§ The problem
Copy out each line featuring the string "fixes" from the entries beneath.

[Collected data]
lemma borel_imp_baire_property:
  assumes "A \<in> sets borel"
  shows "baire_property A"
proof -
  have "A \<in> sigma_sets UNIV {S. open S}"
    using assms by (simp add: sets_borel)
  then show ?thesis
  proof induction
    case (Basic A)
    then show ?case
      unfolding baire_property_def
      by (intro exI[of _ A]) simp
  next
    case Empty
    then show ?case
      unfolding baire_property_def
      by (intro exI[of _ "{}"]) simp
  next
    case (Compl A)
    then obtain U where U: "open U" "meager (sym_diff A U)"
      unfolding baire_property_def by blast
    have "meager (- U - interior (- U))"
      using U(1) by (intro nowhere_dense_imp_meager nowhere_dense_closed_Diff_interior) auto
    then have "meager (sym_diff A U \<union> (- U - interior (- U)))"
      using U(2) by (rule meager_Un[rotated])
    moreover have "sym_diff (UNIV - A) (interior (- U)) \<subseteq> sym_diff A U \<union> (- U - interior (- U))"
      using interior_subset[of "- U"] by blast
    ultimately have "meager (sym_diff (UNIV - A) (interior (- U)))"
      by (rule meager_subset)
    then show ?case
      unfolding baire_property_def using open_interior by blast
  next
    case (Union A)
    then obtain U where U: "\<And>i. open (U i)" "\<And>i. meager (sym_diff (A i) (U i))"
      unfolding baire_property_def by metis
    have "meager (\<Union>i. sym_diff (A i) (U i))"
      using U(2) by (intro meager_countable_UN) auto
    moreover have "sym_diff (\<Union>i. A i) (\<Union>i. U i) \<subseteq> (\<Union>i. sym_diff (A i) (U i))"
      by blast
    ultimately have "meager (sym_diff (\<Union>i. A i) (\<Union>i. U i))"
      by (rule meager_subset)
    moreover have "open (\<Union>i. U i)"
      using U(1) by blast
    ultimately show ?case
      unfolding baire_property_def by blast
  qed
qed

lemma Hausdorff_space_euclidean_t2: "Hausdorff_space (euclidean :: 'a::t2_space topology)"
  unfolding Hausdorff_space_def
proof (intro allI impI)
  fix x y :: 'a
  assume "x \<in> topspace euclidean \<and> y \<in> topspace euclidean \<and> x \<noteq> y"
  then obtain U V where "open U" "open V" "x \<in> U" "y \<in> V" "U \<inter> V = {}"
    using hausdorff[of x y] by auto
  then show "\<exists>U V. openin euclidean U \<and> openin euclidean V \<and> x \<in> U \<and> y \<in> V \<and> disjnt U V"
    by (intro exI[of _ U] exI[of _ V]) (simp add: disjnt_def)
qed

lemma meager_fun_bool_interior_empty:
  fixes A :: "('a \<Rightarrow> bool) set"
  assumes "meager A"
  shows "interior A = {}"
proof (rule meager_interior_empty[OF _ _ assms])
  have "compact_space (euclidean :: bool topology)"
    by (simp add: compact_space_def finite_imp_compact)
  then have "compact_space (euclidean :: ('a \<Rightarrow> bool) topology)"
    by (metis compact_space_product_topology euclidean_product_topology)
  then show "locally_compact_space (euclidean :: ('a \<Rightarrow> bool) topology)"
    by (rule compact_imp_locally_compact_space)
  show "Hausdorff_space (euclidean :: ('a \<Rightarrow> bool) topology)"
    by (metis Hausdorff_space_euclidean_t2 Hausdorff_space_product_topology euclidean_product_topology)
qed
theorem watson_transformation:
  fixes q l b c d e :: complex and N :: nat
  assumes nz: "q \<noteq> 0" "l \<noteq> 0" "b \<noteq> 0" "c \<noteq> 0" "d \<noteq> 0" "e \<noteq> 0" "1 - l \<noteq> 0"
  assumes hq: "\<And>i. q^Suc i \<noteq> 1" and hl: "\<And>i. l*q^Suc i \<noteq> 1"
  assumes nN: "qpoch_nat (l*q/b) q N \<noteq> 0" "qpoch_nat (l*q/c) q N \<noteq> 0" "qpoch_nat (l*q/d) q N \<noteq> 0"
    "qpoch_nat (l*q/e) q N \<noteq> 0" "qpoch_nat (d*e/(l*q^N)) q N \<noteq> 0"
  shows "(\<Sum>k\<le>N. (1 - l*q^(2*k))/(1-l) * (qpoch_nat l q k * qpoch_nat b q k * qpoch_nat c q k
            * qpoch_nat d q k * qpoch_nat e q k * qpoch_nat (1/q^N) q k)
        / (qpoch_nat q q k * qpoch_nat (l*q/b) q k * qpoch_nat (l*q/c) q k * qpoch_nat (l*q/d) q k
            * qpoch_nat (l*q/e) q k * qpoch_nat (l*q^(N+1)) q k)
        * (l^2*q^(N+2)/(b*c*d*e))^k)
   = qpoch_nat (l*q) q N * qpoch_nat (l*q/(d*e)) q N / (qpoch_nat (l*q/d) q N * qpoch_nat (l*q/e) q N)
     * (\<Sum>j\<le>N. qpoch_nat (1/q^N) q j * qpoch_nat d q j * qpoch_nat e q j * qpoch_nat (l*q/(b*c)) q j
        / (qpoch_nat q q j * qpoch_nat (l*q/b) q j * qpoch_nat (l*q/c) q j * qpoch_nat (d*e/(l*q^N)) q j)
        * q^j)"
  (is "?lhs = ?C * ?rhs")
proof -
  define s where "s j = qpoch_nat (l*q/(b*c)) q j / (qpoch_nat q q j * qpoch_nat (l*q/b) q j
    * qpoch_nat (l*q/c) q j) * q^j" for j
  have "?lhs = (\<Sum>k\<le>N. watson_weight q l d e N k * (\<Sum>j\<le>N. saalschutz_term q l b c k j))"
    using nN(1,2) qpoch_nat_nonzero_le
    by (intro sum.cong refl watson_term_split[OF nz(1,3-6) hq]) auto
  also have "\<dots> = (\<Sum>j\<le>N. s j * (\<Sum>k\<le>N. watson_weight q l d e N k
                      * (qpoch_nat (1/q^k) q j * qpoch_nat (l*q^k) q j)))"
    unfolding sum_distrib_left by (subst sum.swap) (simp add: saalschutz_term_def s_def mult_ac)
  also have "\<dots> = ?C * ?rhs"
    unfolding sum_distrib_left[of ?C]
  proof (intro sum.cong refl)
    fix j assume "j \<in> {..N}"
    then have jN: "j \<le> N" by simp
    show "s j * (\<Sum>k\<le>N. watson_weight q l d e N k * (qpoch_nat (1/q^k) q j * qpoch_nat (l*q^k) q j))
      = ?C * (qpoch_nat (1/q^N) q j * qpoch_nat d q j * qpoch_nat e q j * qpoch_nat (l*q/(b*c)) q j
        / (qpoch_nat q q j * qpoch_nat (l*q/b) q j * qpoch_nat (l*q/c) q j * qpoch_nat (d*e/(l*q^N)) q j)
        * q^j)"
      unfolding watson_inner_sum[OF nz(1,2,5,6,7) hq hl nN(3-5) jN] s_def by (simp add: mult_ac)
  qed
  finally show ?thesis .
qed

section \<open>Terminating bilateral series\<close>

definition bilateral_term :: "complex \<Rightarrow> complex \<Rightarrow> complex \<Rightarrow> complex \<Rightarrow> complex \<Rightarrow> complex \<Rightarrow> int \<Rightarrow> complex" where
  "bilateral_term q a b c d e k =
     (qpoch (q/a) q k * qpoch (q/b) q k * qpoch (q/c) q k * qpoch (q/d) q k * qpoch (q/e) q k)
     / (qpoch a q k * qpoch (b*q) q k * qpoch (c*q) q k * qpoch (d*q) q k * qpoch (e*q) q k)
     * (a*b*c*d*e) powi k"

definition vwp_term :: "complex \<Rightarrow> complex \<Rightarrow> complex \<Rightarrow> complex \<Rightarrow> complex \<Rightarrow> complex \<Rightarrow> nat \<Rightarrow> complex" where
  "vwp_term q a b c d e n = (1 - q^(2*n+1))
     * (qpoch_nat (q/a) q n * qpoch_nat (q/b) q n * qpoch_nat (q/c) q n * qpoch_nat (q/d) q n
         * qpoch_nat (q/e) q n)
     / (qpoch_nat (a*q) q n * qpoch_nat (b*q) q n * qpoch_nat (c*q) q n * qpoch_nat (d*q) q n
         * qpoch_nat (e*q) q n)
     * (a*b*c*d*e/q)^n"

lemma bilateral_term_neg:
  fixes q a b c d e :: complex
  assumes nz: "q \<noteq> 0" "a \<noteq> 0" "b \<noteq> 0" "c \<noteq> 0" "d \<noteq> 0" "e \<noteq> 0"
    and hx: "qpoch_nat b q (Suc n) \<noteq> 0" "qpoch_nat c q (Suc n) \<noteq> 0" "qpoch_nat d q (Suc n) \<noteq> 0"
      "qpoch_nat e q (Suc n) \<noteq> 0"
  shows "bilateral_term q a b c d e (- int (Suc n))
    = a/q * (a*b*c*d*e/q)^n * (qpoch_nat (q/a) q (Suc n) / qpoch_nat a q (Suc n))
      * (qpoch_nat (q/b) q n / qpoch_nat (b*q) q n) * (qpoch_nat (q/c) q n / qpoch_nat (c*q) q n)
      * (qpoch_nat (q/d) q n / qpoch_nat (d*q) q n) * (qpoch_nat (q/e) q n / qpoch_nat (e*q) q n)"
proof -
  let ?k = "- int (Suc n)"
  have split: "bilateral_term q a b c d e ?k
    = (qpoch (q/a) q ?k / qpoch a q ?k) * (qpoch (q/b) q ?k / qpoch (b*q) q ?k)
      * (qpoch (q/c) q ?k / qpoch (c*q) q ?k) * (qpoch (q/d) q ?k / qpoch (d*q) q ?k)
      * (qpoch (q/e) q ?k / qpoch (e*q) q ?k) * inverse ((a*b*c*d*e)^Suc n)"
    unfolding bilateral_term_def power_int_minus power_int_of_nat by (simp add: times_divide_times_eq)
  have pw: "(a^2/q)^Suc n * (b^(2*n+1) * c^(2*n+1) * d^(2*n+1) * e^(2*n+1)) * inverse ((a*b*c*d*e)^Suc n)
      = a/q * (a*b*c*d*e/q)^n"
    using nz by (simp add: power_mult_distrib power_divide power_add power_mult power2_eq_square field_simps)
  show ?thesis
    unfolding split qpoch_neg_ratio_base[OF nz(2,1)] qpoch_neg_ratio_Suc[OF nz(3,1) hx(1)]
      qpoch_neg_ratio_Suc[OF nz(4,1) hx(2)] qpoch_neg_ratio_Suc[OF nz(5,1) hx(3)]
      qpoch_neg_ratio_Suc[OF nz(6,1) hx(4)] pw[symmetric]
    by (simp add: mult_ac)
qed

lemma bilateral_term_pair:
  fixes q a b c d e :: complex
  assumes nz: "q \<noteq> 0" "a \<noteq> 0" "b \<noteq> 0" "c \<noteq> 0" "d \<noteq> 0" "e \<noteq> 0"
    and ha: "qpoch_nat a q (Suc n) \<noteq> 0"
    and hx: "qpoch_nat b q (Suc n) \<noteq> 0" "qpoch_nat c q (Suc n) \<noteq> 0" "qpoch_nat d q (Suc n) \<noteq> 0"
      "qpoch_nat e q (Suc n) \<noteq> 0"
  shows "bilateral_term q a b c d e (int n) + bilateral_term q a b c d e (- int (Suc n))
    = a/q/(1-a) * vwp_term q a b c d e n"
proof -
  define z where "z = a*b*c*d*e"
  define qn where "qn = q^n"
  define Q where "Q = qpoch_nat (q/b) q n * qpoch_nat (q/c) q n * qpoch_nat (q/d) q n * qpoch_nat (q/e) q n"
  define D where "D = qpoch_nat (b*q) q n * qpoch_nat (c*q) q n * qpoch_nat (d*q) q n * qpoch_nat (e*q) q n"
  have D: "D \<noteq> 0" using hx unfolding D_def qpoch_nat_Suc_shift by simp
  have qn: "qn \<noteq> 0" using nz(1) by (simp add: qn_def)
  have a1: "qpoch_nat a q (Suc n) = qpoch_nat a q n * (1 - a*qn)"
    and a2: "qpoch_nat a q (Suc n) = (1 - a) * qpoch_nat (a*q) q n"
    unfolding qn_def by (rule qpoch_nat_Suc qpoch_nat_Suc_shift)+
  have na: "qpoch_nat a q n \<noteq> 0" "1 - a*qn \<noteq> 0" "1 - a \<noteq> 0"
    using ha unfolding a1 by simp_all (use ha a2 in auto)
  have a_n: "qpoch_nat a q n = (1-a) * qpoch_nat (a*q) q n / (1 - a*qn)"
    using a1 a2 na by (simp add: field_simps)
  have naq: "qpoch_nat (a*q) q n \<noteq> 0" using ha a2 by auto
  have qa: "qpoch_nat (q/a) q (Suc n) = qpoch_nat (q/a) q n * (1 - q/a*qn)"
    unfolding qn_def by (rule qpoch_nat_Suc)
  define K where "K = qpoch_nat (q/a) q n * Q * z^n / (qpoch_nat (a*q) q n * D * (q*qn*(1-a)))"
  have pos: "bilateral_term q a b c d e (int n) = K * (q*qn*(1 - a*qn))"
    unfolding bilateral_term_def qpoch_of_nat power_int_of_nat a_n K_def
    unfolding Q_def D_def z_def using nz na naq D qn unfolding D_def
    by (simp add: field_simps)
  have "bilateral_term q a b c d e (- int (Suc n))
      = a/q * (z^n/qn) * (qpoch_nat (q/a) q n * (1 - q/a*qn)) / ((1-a) * qpoch_nat (a*q) q n) * Q / D"
    unfolding bilateral_term_neg[OF nz hx] a2 qa Q_def D_def z_def qn_def
    by (simp add: power_divide times_divide_times_eq mult_ac)
  also have "\<dots> = K * (a - q*qn)"
    unfolding K_def using nz na naq D qn by (simp add: field_simps)
  finally have neg: "bilateral_term q a b c d e (- int (Suc n)) = K * (a - q*qn)" .
  have vwp_eq: "vwp_term q a b c d e n = (1 - q*qn*qn) * (qpoch_nat (q/a) q n * Q)
      / (qpoch_nat (a*q) q n * D) * (z^n/qn)"
    unfolding vwp_term_def Q_def D_def z_def qn_def
    by (simp add: power_add power_mult power2_eq_square power_divide mult_ac)
  have vwp: "a/q/(1-a) * vwp_term q a b c d e n = K * (a - a*q*qn*qn)"
    unfolding vwp_eq K_def using nz na naq D qn by (simp add: field_simps)
  show ?thesis
    unfolding pos neg vwp by (simp add: algebra_simps)
qed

§ Solved exercise
  fixes A :: "('a \<Rightarrow> bool) set"
  fixes q l b c d e :: complex and N :: nat
  fixes q a b c d e :: complex
  fixes q a b c d e :: complex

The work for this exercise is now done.